-- Study material follows --
theorem theorem1:
  fixes V :: "'a set" and E :: "'a \<Rightarrow> 'a \<Rightarrow> bool" and lam :: real
  assumes "simple_graph V E" and "connected_graph V E"
    and "0 < lam" and "lam < 1"
  shows "(\<Sum>u\<in>V. exp_trans V E lam u)
           = (\<Sum>(k, l)\<in>{(k, l) \<in> V \<times> V. k \<noteq> l}. real (dist_g V E k l) * lam ^ dist_g V E k l)
       \<and> (\<Sum>(k, l)\<in>{(k, l) \<in> V \<times> V. k \<noteq> l}. real (dist_g V E k l) * lam ^ dist_g V E k l)
           = (\<Sum>u\<in>V. exp_betw V E lam u)"
proof
  have "finite V" using assms(1) by (simp add: simple_graph_def)
  then show "(\<Sum>u\<in>V. exp_trans V E lam u)
      = (\<Sum>(k, l)\<in>{(k, l) \<in> V \<times> V. k \<noteq> l}. real (dist_g V E k l) * lam ^ dist_g V E k l)"
    by (rule sum_exp_trans_eq_sum_off_diagonal)
  have "(\<Sum>(k, l)\<in>{(k, l) \<in> V \<times> V. k \<noteq> l}. real (dist_g V E k l) * lam ^ dist_g V E k l)
      = (\<Sum>P\<in>upairs V. case upair_rep P of (k, l) \<Rightarrow> 2 * (real (dist_g V E k l) * lam ^ dist_g V E k l))"
    using dist_g_sym[OF assms(1)] by (intro sum_off_diagonal_symmetric[OF \<open>finite V\<close>]) metis
  also have "\<dots> = (\<Sum>u\<in>V. exp_betw V E lam u)"
    using sum_exp_betw_eq_upairs[OF assms(1,2)] by simp
  finally show "(\<Sum>(k, l)\<in>{(k, l) \<in> V \<times> V. k \<noteq> l}. real (dist_g V E k l) * lam ^ dist_g V E k l)
      = (\<Sum>u\<in>V. exp_betw V E lam u)" .
qed

end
-- Study material concluded --
■ Task: Of the lines above, show those in which "finite" appears.

■ Answer to this exercise:
  have "finite V" using assms(1) by (simp add: simple_graph_def)
    using dist_g_sym[OF assms(1)] by (intro sum_off_diagonal_symmetric[OF \<open>finite V\<close>]) metis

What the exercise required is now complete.